In [1]:
# BOILER PLATE, MUST BE RUN ON SUBMIT NODE
%load_ext autoreload
%autoreload 2

import socket
import psutil
import torch 

hostname = socket.gethostname()
print("Host name:", hostname)
num_cpus = psutil.cpu_count()
print("Number of CPUs:", num_cpus)
total_memory = psutil.virtual_memory().total / (1024 ** 3)
print("Total memory (GB):", round(total_memory, 2))


device = torch.device("cuda" if torch.cuda.is_available() else "cpu")
print(f"Using device: {device}")

Host name: h100-st-p548xlarge-10
Number of CPUs: 192
Total memory (GB): 1999.96
Using device: cuda


In [26]:
import numpy as np
from datasets import Dataset
import pynvml

def print_gpu_utilization(devices=0):
    pynvml.nvmlInit()
    if not isinstance(devices, list):
        devices = [devices]
    
    for device in devices:
        handle = pynvml.nvmlDeviceGetHandleByIndex(device)
        info = pynvml.nvmlDeviceGetMemoryInfo(handle)
        print(f"GPU-{device} memory occupied: {info.used//1024**2} MB.")
    
def print_summary(result):
    print(f"Time: {result.metrics['train_runtime']:.2f}")
    print(f"Samples/second: {result.metrics['train_samples_per_second']:.2f}")
    print_gpu_utilization()

In [29]:
print("Initial")
print_gpu_utilization([0, 1])

Initial
GPU-0 memory occupied: 3657 MB.
GPU-1 memory occupied: 567 MB.


In [30]:
print("After loading tiny tensor and the kernels")
torch.ones((1, 1)).to("cuda")
print_gpu_utilization([0, 1])

After loading tiny tensor and the kernels
GPU-0 memory occupied: 3657 MB.
GPU-1 memory occupied: 567 MB.


# Load model

In [34]:
from transformers import AutoModelForSequenceClassification
from transformers import TrainingArguments, Trainer, logging
logging.set_verbosity_error()

In [31]:
model = AutoModelForSequenceClassification.from_pretrained("google-bert/bert-large-uncased").to("cuda")
print_gpu_utilization([0, 1])

Some weights of BertForSequenceClassification were not initialized from the model checkpoint at google-bert/bert-large-uncased and are newly initialized: ['classifier.bias', 'classifier.weight']
You should probably TRAIN this model on a down-stream task to be able to use it for predictions and inference.

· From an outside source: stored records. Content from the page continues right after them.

(* Let $\mathbb{F}$ be a field and let $P_i(\lambda)\in \mathbb{F}[\lambda]^{m_i\times n}$, $i=1,\ldots,k$ ($k\ge 1$), be polynomial matrices such that $m:=\sum_{i=1}^k m_i\ge n$. Let $P(\lambda)\in\mathbb{F}[\lambda]^{m\times n}$ be the compound matrix obtained by stacking $P_1(\lambda),\ldots,P_k(\lambda)$ vertically, and assume $r:=\operatorname{rank}P(\lambda)\ge 1$ (normal rank). Then for $G(\lambda)\in\mathbb{F}[\lambda]^{r\times n}$ the following are equivalent: (1) $G(\lambda)$ is a compact GCRD of $\{P_i(\lambda)\}_{i=1}^k$; (2) there exists a left invertible polynomial matrix $N(\lambda)\in\mathbb{F}[\lambda]^{m\times r}$ such that $P(\lambda)=N(\lambda)G(\lambda)$; (3) there exists a unimodular matrix $U(\lambda)\in\mathbb{F}[\lambda]^{m\times m}$ such that $P(\lambda)=U(\lambda)\begin{bmatrix} G(\lambda)\\ 0\end{bmatrix}$. Moreover, any compact GCRD $G(\lambda)$ of $\{P_i(\lambda)\}_{i=1}^k$ can be written as $G(\lambda)=\sum_{i=1}^k L_i(\lambda)P_i(\lambda)$ for some polynomial matrices $L_i(\lambda)\in\mathbb{F}[\lambda]^{r\times m_i}$; equivalently, $G(\lambda)=L(\lambda)P(\lambda)$ for some $L(\lambda)\in\mathbb{F}[\lambda]^{r\times m}$.
   Context: A matrix $D(\lambda)\in\mathbb{F}[\lambda]^{p\times n}$ is a common right divisor (CRD) of $\{P_i(\lambda)\}_{i=1}^k$ if there are polynomial matrices $Q_i(\lambda)\in\mathbb{F}[\lambda]^{m_i\times p}$ with $P_i(\lambda)=Q_i(\lambda)D(\lambda)$ for all $i$. A matrix $G(\lambda)\in\mathbb{F}[\lambda]^{\ell\times n}$ is a greatest common right divisor (GCRD) if it is a CRD and for every CRD $D(\lambda)\in\mathbb{F}[\lambda]^{p\times n}$ there is a polynomial $Q(\lambda)\in\mathbb{F}[\lambda]^{\ell\times p}$ with $G(\lambda)=Q(\lambda)D(\lambda)$. A GCRD (resp. CRD) with exactly $r$ rows, where $r$ is the normal rank of the compound matrix, is called compact. The normal rank is the rank over the field of fractions $\mathbb{F}(\lambda)$. A square polynomial matrix is unimodular if its determinant is a nonzero constant; $N(\lambda)$ is left invertible if there is a polynomial matrix $L(\lambda)$ with $L(\lambda)N(\lambda)=I$. *)

theory Defs
  imports "Jordan_Normal_Form.DL_Rank" "Jordan_Normal_Form.Determinant"
    "HOL-Computational_Algebra.Polynomial" "HOL-Computational_Algebra.Fraction_Field"
begin

definition stack :: "nat \<Rightarrow> 'a::zero mat list \<Rightarrow> 'a mat" where
  "stack n Ps = foldr (\<lambda>A B. A @\<^sub>r B) Ps (0\<^sub>m 0 n)"

definition normal_rank :: "'a::field poly mat \<Rightarrow> nat" where
  "normal_rank A = vec_space.rank (dim_row A) (map_mat to_fract A)"

definition is_CRD :: "nat \<Rightarrow> 'a::comm_ring_1 mat list \<Rightarrow> 'a mat \<Rightarrow> bool" where
  "is_CRD n Ps D \<longleftrightarrow> dim_col D = n \<and>
     (\<forall>P \<in> set Ps. \<exists>Q \<in> carrier_mat (dim_row P) (dim_row D). P = Q * D)"

definition is_GCRD :: "nat \<Rightarrow> 'a::comm_ring_1 mat list \<Rightarrow> 'a mat \<Rightarrow> bool" where
  "is_GCRD n Ps G \<longleftrightarrow> is_CRD n Ps G \<and>
     (\<forall>D. is_CRD n Ps D \<longrightarrow> (\<exists>Q \<in> carrier_mat (dim_row G) (dim_row D). G = Q * D))"

definition is_compact_GCRD :: "nat \<Rightarrow> 'a::field poly mat list \<Rightarrow> 'a poly mat \<Rightarrow> bool" where
  "is_compact_GCRD n Ps G \<longleftrightarrow> is_GCRD n Ps G \<and> dim_row G = normal_rank (stack n Ps)"

definition unimodular :: "'a::field poly mat \<Rightarrow> bool" where
  "unimodular U \<longleftrightarrow> dim_row U = dim_col U \<and> det U \<noteq> 0 \<and> degree (det U) = 0"

definition left_invertible :: "'a::comm_ring_1 mat \<Rightarrow> bool" where
  "left_invertible N \<longleftrightarrow>
     (\<exists>L \<in> carrier_mat (dim_col N) (dim_row N). L * N = 1\<^sub>m (dim_col N))"

end

theory Submission
  imports Defs
begin

text \<open>
  Write \<open>P\<close> for the compound matrix. A common right divisor \<open>D\<close> of the blocks is the same thing
  as a right factor \<open>P = Q D\<close> of \<open>P\<close>. If \<open>P = N G\<close> with \<open>L N = I\<close>, then \<open>G = L P = L Q D\<close> for every
  such factor, so \<open>G\<close> is a GCRD. Conversely, a GCRD \<open>G\<close> with \<open>r\<close> rows gives \<open>P = N G\<close> and
  \<open>G = Q P = Q N G\<close>; since \<open>N G\<close> has normal rank \<open>r\<close>, the rows of \<open>G\<close> are independent over
  the fraction field and \<open>Q N = I\<close>. Finally, a left invertible \<open>N\<close> over the Euclidean ring
  \<open>F[\<lambda>]\<close> can be brought to \<open>[I; 0]\<close> by invertible row operations (Euclid's algorithm down
  each column, the pivot being a unit because \<open>N\<close> has a left inverse), i.e. \<open>N = U [I; 0]\<close> with
  \<open>U\<close> unimodular.
\<close>

lemma left_invertibleI:
  "N \<in> carrier_mat m r \<Longrightarrow> L \<in> carrier_mat r m \<Longrightarrow> L * N = 1\<^sub>m r \<Longrightarrow> left_invertible N"
  unfolding left_invertible_def by auto

lemma left_invertibleE:
  assumes "left_invertible N" and "N \<in> carrier_mat m r"
  obtains L where "L \<in> carrier_mat r m" and "L * N = 1\<^sub>m r"
  using assms unfolding left_invertible_def by auto

lemma left_invertible_mult:
  assumes A: "A \<in> carrier_mat m k" and B: "B \<in> carrier_mat k r"
    and "left_invertible A" and "left_invertible B"
  shows "left_invertible (A * B)"
proof -
  obtain LA where LA: "LA \<in> carrier_mat k m" "LA * A = 1\<^sub>m k"
    using \<open>left_invertible A\<close> A by (rule left_invertibleE)
  obtain LB where LB: "LB \<in> carrier_mat r k" "LB * B = 1\<^sub>m r"
    using \<open>left_invertible B\<close> B by (rule left_invertibleE)
  have "(LB * LA) * (A * B) = LB * (LA * (A * B))"
    using A B LA LB by (intro assoc_mult_mat) auto
  also have "LA * (A * B) = (LA * A) * B"
    using A B LA by (intro assoc_mult_mat[symmetric]) auto
  also have "LB * ((LA * A) * B) = 1\<^sub>m r" using LA LB B by simp
  finally show ?thesis
    using A B LA LB by (intro left_invertibleI[of _ m r "LB * LA"]) auto
qed

lemma unimodular_if_mult_eq_one:
  fixes W V :: "'a::field poly mat"
  assumes W: "W \<in> carrier_mat m m" and V: "V \<in> carrier_mat m m" and WV: "W * V = 1\<^sub>m m"
  shows "unimodular W" "unimodular V"
proof -
  have "det W * det V = 1" using det_mult[OF W V] WV by simp
  then have units: "is_unit (det W)" "is_unit (det V)" by (metis dvdI mult.commute)+
  then have "det W \<noteq> 0" "det V \<noteq> 0" by auto
  with units show "unimodular W" "unimodular V"
    using W V unfolding unimodular_def by (simp_all add: is_unit_iff_degree)
qed

lemma left_invertible_if_unimodular:
  fixes U :: "'a::field poly mat"
  assumes U: "U \<in> carrier_mat m m" and "unimodular U"
  shows "left_invertible U"
proof -
  have "is_unit (det U)" using \<open>unimodular U\<close> unfolding unimodular_def by (auto simp: is_unit_iff_degree)
  then obtain c where c: "c * det U = 1" by (metis dvdE mult.commute)
  have "(c \<cdot>\<^sub>m adj_mat U) * U = c \<cdot>\<^sub>m (adj_mat U * U)"
    using adj_mat[OF U] U by (simp add: mult_smult_assoc_mat)
  also have "\<dots> = 1\<^sub>m m"
    using adj_mat[OF U] c by (auto intro!: eq_matI simp: mult.assoc[symmetric])
  finally show ?thesis
    using adj_mat[OF U] by (intro left_invertibleI[OF U, of "c \<cdot>\<^sub>m adj_mat U"]) auto
qed
(* Every connected (finite, simple) graph $G$ satisfies $\mathrm{rc}(G) \leq 3\,\mathrm{f}(G) - 1$.
   Context: For an edge-coloring of a graph $G$, a path is rainbow if no two of its edges have the same color; $G$ is rainbow-connected if every pair of vertices is joined by a rainbow path. The rainbow connection number $\mathrm{rc}(G)$ is the minimum number of colors in an edge-coloring making $G$ rainbow-connected. The forest number $\mathrm{f}(G)$ is the maximum number of vertices of an induced subgraph of $G$ that is a forest. *)

theory Defs
  imports Main
begin

definition simple_graph :: "'a set \<Rightarrow> 'a set set \<Rightarrow> bool" where
  "simple_graph V E \<longleftrightarrow> finite V \<and> (\<forall>e\<in>E. e \<subseteq> V \<and> card e = 2)"

fun walk_edges :: "'a list \<Rightarrow> 'a set list" where
  "walk_edges (x # y # xs) = {x, y} # walk_edges (y # xs)"
| "walk_edges _ = []"

definition is_path :: "'a set \<Rightarrow> 'a set set \<Rightarrow> 'a list \<Rightarrow> 'a \<Rightarrow> 'a \<Rightarrow> bool" where
  "is_path V E p u v \<longleftrightarrow> p \<noteq> [] \<and> hd p = u \<and> last p = v \<and> distinct p \<and>
     set p \<subseteq> V \<and> set (walk_edges p) \<subseteq> E"

definition connected_graph :: "'a set \<Rightarrow> 'a set set \<Rightarrow> bool" where
  "connected_graph V E \<longleftrightarrow> (\<forall>u\<in>V. \<forall>v\<in>V. \<exists>p. is_path V E p u v)"

definition rainbow_path :: "('a set \<Rightarrow> nat) \<Rightarrow> 'a list \<Rightarrow> bool" where
  "rainbow_path c p \<longleftrightarrow> distinct (map c (walk_edges p))"

definition rainbow_connected :: "'a set \<Rightarrow> 'a set set \<Rightarrow> ('a set \<Rightarrow> nat) \<Rightarrow> bool" where
  "rainbow_connected V E c \<longleftrightarrow>
     (\<forall>u\<in>V. \<forall>v\<in>V. \<exists>p. is_path V E p u v \<and> rainbow_path c p)"

definition rc :: "'a set \<Rightarrow> 'a set set \<Rightarrow> nat" where
  "rc V E = (LEAST k. \<exists>c. (\<forall>e\<in>E. c e < k) \<and> rainbow_connected V E c)"

definition induced_edges :: "'a set set \<Rightarrow> 'a set \<Rightarrow> 'a set set" where
  "induced_edges E S = {e \<in> E. e \<subseteq> S}"

definition is_cycle :: "'a set \<Rightarrow> 'a set set \<Rightarrow> 'a list \<Rightarrow> bool" where
  "is_cycle V E cs \<longleftrightarrow> length cs \<ge> 3 \<and> distinct cs \<and> set cs \<subseteq> V \<and>
     set (walk_edges cs) \<subseteq> E \<and> {last cs, hd cs} \<in> E"
(* There exists a tight code $\mathcal{C}$ of $39$ points in $\mathbb{O}\mathbb{P}^2$ consisting of $13$ orthogonal triples such that, for any two points in distinct triples, the chordal distance is $\sqrt{2/3}$. Equivalently, if $\Pi,\Pi'$ are the projection matrices of two distinct points of $\mathcal{C}$, then $\langle \Pi,\Pi'\rangle = 0$ if the two points lie in the same triple and $\langle\Pi,\Pi'\rangle = 1/3$ otherwise.
   Context: $\mathbb{O}\mathbb{P}^2$ is the set of $3\times3$ octonionic Hermitian matrices $\Pi$ with $\Pi^2=\Pi$ and $\operatorname{Tr}\Pi=1$, with inner product $\langle A,B\rangle=\operatorname{Re}\operatorname{Tr}(AB)$ and chordal distance $\rho(\Pi_1,\Pi_2)=\sqrt{1-\langle\Pi_1,\Pi_2\rangle}$. The geodesic distance $\vartheta$ (normalized to have maximum $\pi$) satisfies $\cos\vartheta(\Pi_1,\Pi_2) = 2\langle \Pi_1,\Pi_2\rangle - 1$. A code is a finite subset. Let $C_k(z)=P_k^{(7,3)}(z)$ be the Jacobi polynomials (the zonal spherical functions of $\mathbb{O}\mathbb{P}^2$), normalized so $C_0=1$. A code $\mathcal{C}$ with minimal geodesic distance $\theta$ is tight if there is a polynomial $f(z)=\sum_{k=0}^n f_k C_k(z)$ with $f_0>0$, $f_k\ge 0$ for $1\le k\le n$, $f(z)\le 0$ for $-1\le z\le\cos\theta$, and $|\mathcal{C}| = f(1)/f_0$ (i.e., the linear programming bound is attained exactly). *)

theory Defs
  imports Complex_Main
begin

text \<open>Quaternions as pairs of complex numbers, octonions as pairs of quaternions,
  with the Cayley--Dickson product (a,b)(c,d) = (ac - d^* b, d a + b c^*)
  and conjugation (a,b)^* = (a^*, -b).\<close>

type_synonym quat = "complex \<times> complex"
type_synonym oct = "quat \<times> quat"

definition qadd :: "quat \<Rightarrow> quat \<Rightarrow> quat" where
  "qadd x y = (fst x + fst y, snd x + snd y)"
definition qneg :: "quat \<Rightarrow> quat" where
  "qneg x = (- fst x, - snd x)"
definition qconj :: "quat \<Rightarrow> quat" where
  "qconj x = (cnj (fst x), - snd x)"
definition qmul :: "quat \<Rightarrow> quat \<Rightarrow> quat" where
  "qmul x y = (fst x * fst y - cnj (snd y) * snd x, snd y * fst x + snd x * cnj (fst y))"

definition oadd :: "oct \<Rightarrow> oct \<Rightarrow> oct" where
  "oadd x y = (qadd (fst x) (fst y), qadd (snd x) (snd y))"
definition oconj :: "oct \<Rightarrow> oct" where
  "oconj x = (qconj (fst x), qneg (snd x))"
definition omul :: "oct \<Rightarrow> oct \<Rightarrow> oct" where
  "omul x y = (qadd (qmul (fst x) (fst y)) (qneg (qmul (qconj (snd y)) (snd x))),
               qadd (qmul (snd y) (fst x)) (qmul (snd x) (qconj (fst y))))"
definition ozero :: oct where "ozero = ((0,0),(0,0))"
definition oone :: oct where "oone = ((1,0),(0,0))"
definition ore :: "oct \<Rightarrow> real" where "ore x = Re (fst (fst x))"

text \<open>A 3x3 octonionic matrix is a function on indices; entries outside {0,1,2}
  are required to be zero for points of OP^2 so that distinct points are distinct
  functions.\<close>

type_synonym omat = "nat \<Rightarrow> nat \<Rightarrow> oct"

definition omat_mult :: "omat \<Rightarrow> omat \<Rightarrow> omat" where
  "omat_mult A B = (\<lambda>i j. if i < 3 \<and> j < 3 then
     oadd (omul (A i 0) (B 0 j)) (oadd (omul (A i 1) (B 1 j)) (omul (A i 2) (B 2 j)))
     else ozero)"

definition otrace :: "omat \<Rightarrow> oct" where
  "otrace A = oadd (A 0 0) (oadd (A 1 1) (A 2 2))"

definition hermitian3 :: "omat \<Rightarrow> bool" where
  "hermitian3 A \<longleftrightarrow> (\<forall>i<3. \<forall>j<3. A j i = oconj (A i j))
                    \<and> (\<forall>i j. \<not>(i < 3 \<and> j < 3) \<longrightarrow> A i j = ozero)"

definition OP2 :: "omat set" where
  "OP2 = {P. hermitian3 P \<and> omat_mult P P = P \<and> otrace P = oone}"

definition oinner :: "omat \<Rightarrow> omat \<Rightarrow> real" where
  "oinner A B = ore (otrace (omat_mult A B))"

definition chordal :: "omat \<Rightarrow> omat \<Rightarrow> real" where
  "chordal P Q = sqrt (1 - oinner P Q)"

definition geod :: "omat \<Rightarrow> omat \<Rightarrow> real" where
  "geod P Q = arccos (2 * oinner P Q - 1)"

GPU-0 memory occupied: 3657 MB.
GPU-1 memory occupied: 567 MB.


# Train model

In [36]:
seq_len, dataset_size = 512, 512

dummy_data = {
    "input_ids": np.random.randint(100, 30000, (dataset_size, seq_len)),
    "labels": np.random.randint(0, 1, (dataset_size)),
}

dummy_data['input_ids'].shape, dummy_data['labels'].shape

ds = Dataset.from_dict(dummy_data)
ds.set_format("pt")

default_args = {
    "output_dir": "tmp",
    "eval_strategy": "steps",
    "num_train_epochs": 1,
    "log_level": "error",
    "report_to": "none",
}

In [38]:
training_args = TrainingArguments(per_device_train_batch_size=4, **default_args)
trainer = Trainer(model=model, args=training_args, train_dataset=ds)
result = trainer.train()
print_summary(result)



{'train_runtime': 34.1721, 'train_samples_per_second': 14.983, 'train_steps_per_second': 0.468, 'train_loss': 0.20920303463935852, 'epoch': 1.0}
Time: 34.17
Samples/second: 14.98
GPU-0 memory occupied: 13483 MB.


In [39]:
training_args = TrainingArguments(per_device_train_batch_size=8, **default_args)
trainer = Trainer(model=model, args=training_args, train_dataset=ds)
result = trainer.train()
print_summary(result)



{'train_runtime': 6.9119, 'train_samples_per_second': 74.076, 'train_steps_per_second': 1.157, 'train_loss': 0.04293365031480789, 'epoch': 1.0}
Time: 6.91
Samples/second: 74.08
GPU-0 memory occupied: 16491 MB.


In [40]:
training_args = TrainingArguments(per_device_train_batch_size=16, **default_args)
trainer = Trainer(model=model, args=training_args, train_dataset=ds)
result = trainer.train()
print_summary(result)



{'train_runtime': 9.2333, 'train_samples_per_second': 55.452, 'train_steps_per_second': 0.433, 'train_loss': 0.005023417994379997, 'epoch': 1.0}
Time: 9.23
Samples/second: 55.45
GPU-0 memory occupied: 23461 MB.